◆ **DATASET ENTRIES**:
(* Let $k$ be an infinite field, let $\sigma\colon\Gamma\to2^V$ be a quasi-geometric homology triangulation of a simplex, and let $E$ be a face of $\Gamma$. Then there is a special l.s.o.p. for $k[\mathrm{lk}_\Gamma(E)]$.
   Context: Homology is with coefficients in $k$. A $d$-dimensional simplicial complex $\Gamma$ with trivial reduced homology is a homology ball of dimension $d$ if there is a subcomplex $\partial\Gamma$ such that $\partial\Gamma$ is a homology sphere of dimension $d-1$, $\mathrm{lk}_\Gamma(F)$ is a homology sphere of dimension $d-|F|$ for $F\notin\partial\Gamma$, and $\mathrm{lk}_\Gamma(F)$ is a homology ball of dimension $d-|F|$ for nonempty $F\in\partial\Gamma$; its interior faces are those not in $\partial\Gamma$. A homology triangulation of $2^V$ is a finite simplicial complex $\Gamma$ with $\sigma\colon\Gamma\to2^V$ such that for every nonempty $U\subset V$, $\Gamma_U:=\sigma^{-1}(2^U)$ is a homology ball of dimension $|U|-1$ whose interior faces are exactly $\sigma^{-1}(U)$. $\sigma(F)$ is the carrier; $\sigma(w)=\sigma(\{w\})$. It is quasi-geometric if there is no face $F$ and $U\subset V$ with $\dim\Gamma_U<\dim F$ and $\sigma(w)\subset U$ for all vertices $w\in F$. $k[\Delta]$ is the face ring (variables $x_w$, $x^F=\prod_{w\in F}x_w$), graded by degree; the support of $\sum a_wx_w$ is $\{w:a_w\ne0\}$. An l.s.o.p. for a finitely generated graded $k$-algebra of Krull dimension $d$ is a sequence of $d$ degree-one elements with finite-dimensional quotient. For a face $E$, an l.s.o.p. $\theta_1,\ldots,\theta_d$ of $k[\mathrm{lk}_\Gamma(E)]$ ($d=|V|-|E|$) is special if for each $v\in V\smallsetminus\sigma(E)$ there is an element $\theta_v$ of it whose support consists of vertices $w$ of $\mathrm{lk}_\Gamma(E)$ with $v\in\sigma(w)$, with $\theta_v\ne\theta_{v'}$ for $v\ne v'$. *)

theory Defs
  imports Main "HOL-Library.Poly_Mapping"
begin

(* A (finite) simplicial complex on vertex type 'w is a finite family of finite sets
   closed under taking subsets. The void complex {} is allowed; {{}} is the (-1)-sphere. *)
definition simplicial_complex :: "'w set set \<Rightarrow> bool" where
  "simplicial_complex \<Delta> \<longleftrightarrow> finite \<Delta> \<and> (\<forall>F\<in>\<Delta>. finite F) \<and> (\<forall>F\<in>\<Delta>. \<forall>G. G \<subseteq> F \<longrightarrow> G \<in> \<Delta>)"

definition has_dim :: "'w set set \<Rightarrow> int \<Rightarrow> bool" where
  "has_dim \<Delta> d \<longleftrightarrow> (\<exists>F\<in>\<Delta>. int (card F) = d + 1) \<and> (\<forall>F\<in>\<Delta>. int (card F) \<le> d + 1)"

(* dimension as a number (with dim {} = dim {{}} = -1) *)
definition sc_dim :: "'w set set \<Rightarrow> int" where
  "sc_dim \<Delta> = int (Max (insert 0 (card ` \<Delta>))) - 1"

definition link :: "'w set set \<Rightarrow> 'w set \<Rightarrow> 'w set set" where
  "link \<Delta> F = {G \<in> \<Delta>. G \<inter> F = {} \<and> G \<union> F \<in> \<Delta>}"

definition vertices :: "'w set set \<Rightarrow> 'w set" where
  "vertices \<Delta> = \<Union>\<Delta>"

(* Chains of faces of cardinality n (i.e. of dimension n-1), as coefficient functions. *)
definition chains :: "'w set set \<Rightarrow> nat \<Rightarrow> ('w set \<Rightarrow> 'k::field) set" where
  "chains \<Delta> n = {c. \<forall>G. c G \<noteq> 0 \<longrightarrow> G \<in> \<Delta> \<and> card G = n}"

(* Augmented simplicial boundary, using the vertex order for orientations:
   (bd c)(G) = sum over faces H = G + v of [H : G] c(H), with [H:G] = (-1)^(#{u in G. u < v}). *)
definition bd :: "'w::linorder set set \<Rightarrow> ('w set \<Rightarrow> 'k::field) \<Rightarrow> 'w set \<Rightarrow> 'k" where
  "bd \<Delta> c G = (if G \<in> \<Delta> then
      (\<Sum>v\<in>{v. v \<notin> G \<and> insert v G \<in> \<Delta>}. (-1) ^ card {u\<in>G. u < v} * c (insert v G))
    else 0)"

definition cycles :: "'w::linorder set set \<Rightarrow> nat \<Rightarrow> ('w set \<Rightarrow> 'k::field) set" where
  "cycles \<Delta> n = {c \<in> chains \<Delta> n. bd \<Delta> c = (\<lambda>_. 0)}"

definition boundaries :: "'w::linorder set set \<Rightarrow> nat \<Rightarrow> ('w set \<Rightarrow> 'k::field) set" where
  "boundaries \<Delta> n = bd \<Delta> ` chains \<Delta> (Suc n)"

(* reduced homology in dimension n-1 (faces of cardinality n) vanishes *)
definition hom_vanishes :: "'k::field itself \<Rightarrow> 'w::linorder set set \<Rightarrow> nat \<Rightarrow> bool" where
  "hom_vanishes _ \<Delta> n \<longleftrightarrow> (cycles \<Delta> n :: ('w set \<Rightarrow> 'k) set) \<subseteq> boundaries \<Delta> n"

(* reduced homology in dimension n-1 is one-dimensional, i.e. isomorphic to k *)
definition hom_is_k :: "'k::field itself \<Rightarrow> 'w::linorder set set \<Rightarrow> nat \<Rightarrow> bool" where
  "hom_is_k _ \<Delta> n \<longleftrightarrow> (\<exists>z::'w set \<Rightarrow> 'k. z \<in> cycles \<Delta> n \<and> z \<notin> boundaries \<Delta> n \<and>
      (\<forall>c\<in>cycles \<Delta> n. \<exists>a. \<exists>b\<in>boundaries \<Delta> n. c = (\<lambda>G. a * z G + b G)))"

definition acyclic :: "'k::field itself \<Rightarrow> 'w::linorder set set \<Rightarrow> bool" where
  "acyclic K \<Delta> \<longleftrightarrow> (\<forall>n. hom_vanishes K \<Delta> n)"

(* homology sphere of dimension d: for every face F (including the empty face), the link of F
   has the reduced homology of a (d-|F|)-sphere. *)
definition hsphere :: "'k::field itself \<Rightarrow> int \<Rightarrow> 'w::linorder set set \<Rightarrow> bool" where
  "hsphere K d \<Delta> \<longleftrightarrow> simplicial_complex \<Delta> \<and> has_dim \<Delta> d \<and>
     (\<forall>F\<in>\<Delta>. \<forall>n::nat.
        (int n = d - int (card F) + 1 \<longrightarrow> hom_is_k K (link \<Delta> F) n) \<and>
        (int n \<noteq> d - int (card F) + 1 \<longrightarrow> hom_vanishes K (link \<Delta> F) n))"

(* hball_bd K d \<Gamma> B: \<Gamma> is a homology ball of dimension d with boundary subcomplex B *)
inductive hball_bd :: "'k::field itself \<Rightarrow> int \<Rightarrow> 'w::linorder set set \<Rightarrow> 'w set set \<Rightarrow> bool"
  for K :: "'k::field itself" where
  "\<lbrakk> simplicial_complex \<Gamma>; has_dim \<Gamma> d; acyclic K \<Gamma>;
     B \<subseteq> \<Gamma>; simplicial_complex B; hsphere K (d - 1) B;
     \<forall>F\<in>\<Gamma>. F \<notin> B \<longrightarrow> hsphere K (d - int (card F)) (link \<Gamma> F);
     \<forall>F\<in>B. F \<noteq> {} \<longrightarrow> (\<exists>B'. hball_bd K (d - int (card F)) (link \<Gamma> F) B') \<rbrakk>
   \<Longrightarrow> hball_bd K d \<Gamma> B"

definition restr :: "'w set set \<Rightarrow> ('w set \<Rightarrow> 'v set) \<Rightarrow> 'v set \<Rightarrow> 'w set set" where
  "restr \<Gamma> \<sigma> U = {F \<in> \<Gamma>. \<sigma> F \<subseteq> U}"

definition homology_triangulation ::
  "'k::field itself \<Rightarrow> 'w::linorder set set \<Rightarrow> ('w set \<Rightarrow> 'v set) \<Rightarrow> 'v set \<Rightarrow> bool" where
  "homology_triangulation K \<Gamma> \<sigma> V \<longleftrightarrow> finite V \<and> simplicial_complex \<Gamma> \<and> (\<forall>F\<in>\<Gamma>. \<sigma> F \<subseteq> V) \<and>
     (\<forall>U. U \<subseteq> V \<and> U \<noteq> {} \<longrightarrow>
        (\<exists>B. hball_bd K (int (card U) - 1) (restr \<Gamma> \<sigma> U) B \<and>
             restr \<Gamma> \<sigma> U - B = {F \<in> \<Gamma>. \<sigma> F = U}))"

definition quasi_geometric :: "'w set set \<Rightarrow> ('w set \<Rightarrow> 'v set) \<Rightarrow> 'v set \<Rightarrow> bool" where
  "quasi_geometric \<Gamma> \<sigma> V \<longleftrightarrow>
     \<not> (\<exists>F\<in>\<Gamma>. \<exists>U. U \<subseteq> V \<and> sc_dim (restr \<Gamma> \<sigma> U) < int (card F) - 1 \<and> (\<forall>w\<in>F. \<sigma> {w} \<subseteq> U))"

(* polynomials over 'k in variables x_w, w \<in> W: monomials are 'w \<Rightarrow>\<^sub>0 nat *)
type_synonym ('w, 'k) mpoly = "('w \<Rightarrow>\<^sub>0 nat) \<Rightarrow>\<^sub>0 'k"

definition polys :: "'w set \<Rightarrow> ('w, 'k::comm_ring_1) mpoly set" where
  "polys W = {p. \<forall>m. m \<in> Poly_Mapping.keys p \<longrightarrow> Poly_Mapping.keys m \<subseteq> W}"

definition const_poly :: "'k::comm_ring_1 \<Rightarrow> ('w, 'k) mpoly" where
  "const_poly a = Poly_Mapping.single 0 a"

definition xmon :: "'w set \<Rightarrow> ('w, 'k::comm_ring_1) mpoly" where
  "xmon F = Poly_Mapping.single (\<Sum>w\<in>F. Poly_Mapping.single w 1) 1"

definition lin_form :: "'w set \<Rightarrow> ('w \<Rightarrow> 'k::comm_ring_1) \<Rightarrow> ('w, 'k) mpoly" where
  "lin_form W a = (\<Sum>w\<in>W. Poly_Mapping.single (Poly_Mapping.single w 1) (a w))"

definition ideal_gen :: "('w, 'k::comm_ring_1) mpoly set \<Rightarrow> ('w, 'k) mpoly set \<Rightarrow> ('w, 'k) mpoly set" where
  "ideal_gen R G = {\<Sum>g\<in>G'. h g * g | G' h. finite G' \<and> G' \<subseteq> G \<and> (\<forall>g\<in>G'. h g \<in> R)}"

(* degree-one elements of k[\<Delta>] are given by coefficient vectors a on the vertices;
   lsop \<Delta> \<theta>s: \<theta>s is a sequence of degree-one elements whose quotient
   k[\<Delta>]/(\<theta>s) is finite-dimensional over k (i.e. spanned by finitely many classes). *)
definition finite_quotient :: "'w set set \<Rightarrow> ('w \<Rightarrow> 'k::field) list \<Rightarrow> bool" where
  "finite_quotient \<Delta> \<theta>s \<longleftrightarrow>
     (\<exists>S. finite S \<and> S \<subseteq> polys (vertices \<Delta>) \<and>
        (\<forall>p\<in>polys (vertices \<Delta>). \<exists>c::('w, 'k) mpoly \<Rightarrow> 'k.
           p - (\<Sum>s\<in>S. const_poly (c s) * s) \<in>
             ideal_gen (polys (vertices \<Delta>))
               ({xmon F | F. F \<subseteq> vertices \<Delta> \<and> F \<notin> \<Delta>} \<union> lin_form (vertices \<Delta>) ` set \<theta>s)))"

definition lsop :: "nat \<Rightarrow> 'w set set \<Rightarrow> ('w \<Rightarrow> 'k::field) list \<Rightarrow> bool" where
  "lsop d \<Delta> \<theta>s \<longleftrightarrow> length \<theta>s = d \<and>
     (\<forall>\<theta>\<in>set \<theta>s. \<forall>w. w \<notin> vertices \<Delta> \<longrightarrow> \<theta> w = 0) \<and>
     finite_quotient \<Delta> \<theta>s"

definition supp :: "('w \<Rightarrow> 'k::zero) \<Rightarrow> 'w set" where
  "supp a = {w. a w \<noteq> 0}"

definition special_lsop ::
  "'w set set \<Rightarrow> ('w set \<Rightarrow> 'v set) \<Rightarrow> 'v set \<Rightarrow> 'w set \<Rightarrow> ('w \<Rightarrow> 'k::field) list \<Rightarrow> bool" where
  "special_lsop \<Gamma> \<sigma> V E \<theta>s \<longleftrightarrow>
     lsop (card V - card E) (link \<Gamma> E) \<theta>s \<and>
     (\<exists>\<theta>v :: 'v \<Rightarrow> ('w \<Rightarrow> 'k).
        (\<forall>v\<in>V - \<sigma> E. \<theta>v v \<in> set \<theta>s \<and>
            supp (\<theta>v v) \<subseteq> {w \<in> vertices (link \<Gamma> E). v \<in> \<sigma> {w}}) \<and>
        inj_on \<theta>v (V - \<sigma> E))"

end

theory Submission
  imports Defs "HOL-Library.Function_Algebras" "HOL-Library.Indicator_Function" "HOL.Vector_Spaces"
begin

text \<open>By the Kind--Kleinschmidt criterion, linear forms on the vertices of \<open>lk(E)\<close> form an l.s.o.p. as
  soon as their restrictions to every face \<open>F\<close> of the link span \<open>k\<^sup>F\<close>. Every face of the link lies in
  a facet \<open>H - E\<close> with \<open>H\<close> a facet of \<open>\<Gamma>\<close>, and quasi-geometricity supplies Hall's condition for matching
  each \<open>v \<notin> \<sigma>(E)\<close> to a vertex of \<open>H - E\<close> whose carrier contains \<open>v\<close>; so the coordinate functions of
  \<open>H - E\<close> form a special family that works for the faces inside \<open>H\<close>. Over an infinite field, generic
  forms subject to the same support conditions then work for all faces at once.\<close>

section \<open>Hall's marriage theorem\<close>

definition neighbours :: "('a \<Rightarrow> 'b \<Rightarrow> bool) \<Rightarrow> 'b set \<Rightarrow> 'a set \<Rightarrow> 'b set" where
  "neighbours R Y T = {y \<in> Y. \<exists>x\<in>T. R x y}"

definition hall_condition :: "('a \<Rightarrow> 'b \<Rightarrow> bool) \<Rightarrow> 'a set \<Rightarrow> 'b set \<Rightarrow> bool" where
  "hall_condition R X Y \<longleftrightarrow> (\<forall>T\<subseteq>X. card T \<le> card (neighbours R Y T))"

definition matching :: "('a \<Rightarrow> 'b \<Rightarrow> bool) \<Rightarrow> 'a set \<Rightarrow> 'b set \<Rightarrow> ('a \<Rightarrow> 'b) \<Rightarrow> bool" where
  "matching R X Y f \<longleftrightarrow> inj_on f X \<and> (\<forall>x\<in>X. f x \<in> Y \<and> R x (f x))"

lemma matching_combine:
  assumes "matching R T Y\<^sub>1 f" "matching R (X - T) (Y - Y\<^sub>1) g" "Y\<^sub>1 \<subseteq> Y"
  shows "matching R X Y (\<lambda>x. if x \<in> T then f x else g x)"
proof -
  have f: "inj_on f T" "\<And>x. x \<in> T \<Longrightarrow> f x \<in> Y\<^sub>1 \<and> R x (f x)"
    and g: "inj_on g (X - T)" "\<And>x. x \<in> X - T \<Longrightarrow> g x \<in> Y - Y\<^sub>1 \<and> R x (g x)"
    using assms(1,2) unfolding matching_def by blast+
  have "x = x'"
    if "x \<in> X" "x' \<in> X" "(if x \<in> T then f x else g x) = (if x' \<in> T then f x' else g x')" for x x'
    using that f g by (cases "x \<in> T"; cases "x' \<in> T") (force dest: inj_onD)+
  then show ?thesis
    using f g assms(3) unfolding matching_def inj_on_def by auto
qed

lemma hall_condition_neighbours:
  assumes "hall_condition R X Y" "T \<subseteq> X"
  shows "hall_condition R T (neighbours R Y T)"
  unfolding hall_condition_def
proof (intro allI impI)
  fix S
  assume "S \<subseteq> T"
  then have "neighbours R (neighbours R Y T) S = neighbours R Y S"
    unfolding neighbours_def by blast
  then show "card S \<le> card (neighbours R (neighbours R Y T) S)"
    using assms \<open>S \<subseteq> T\<close> unfolding hall_condition_def by auto
qed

◆ **ACTION ITEM**:
Show all lines in the entries above where the word "assumes" appears.

◆ **RESPONSE AREA**:
  assumes "matching R T Y\<^sub>1 f" "matching R (X - T) (Y - Y\<^sub>1) g" "Y\<^sub>1 \<subseteq> Y"
  assumes "hall_condition R X Y" "T \<subseteq> X"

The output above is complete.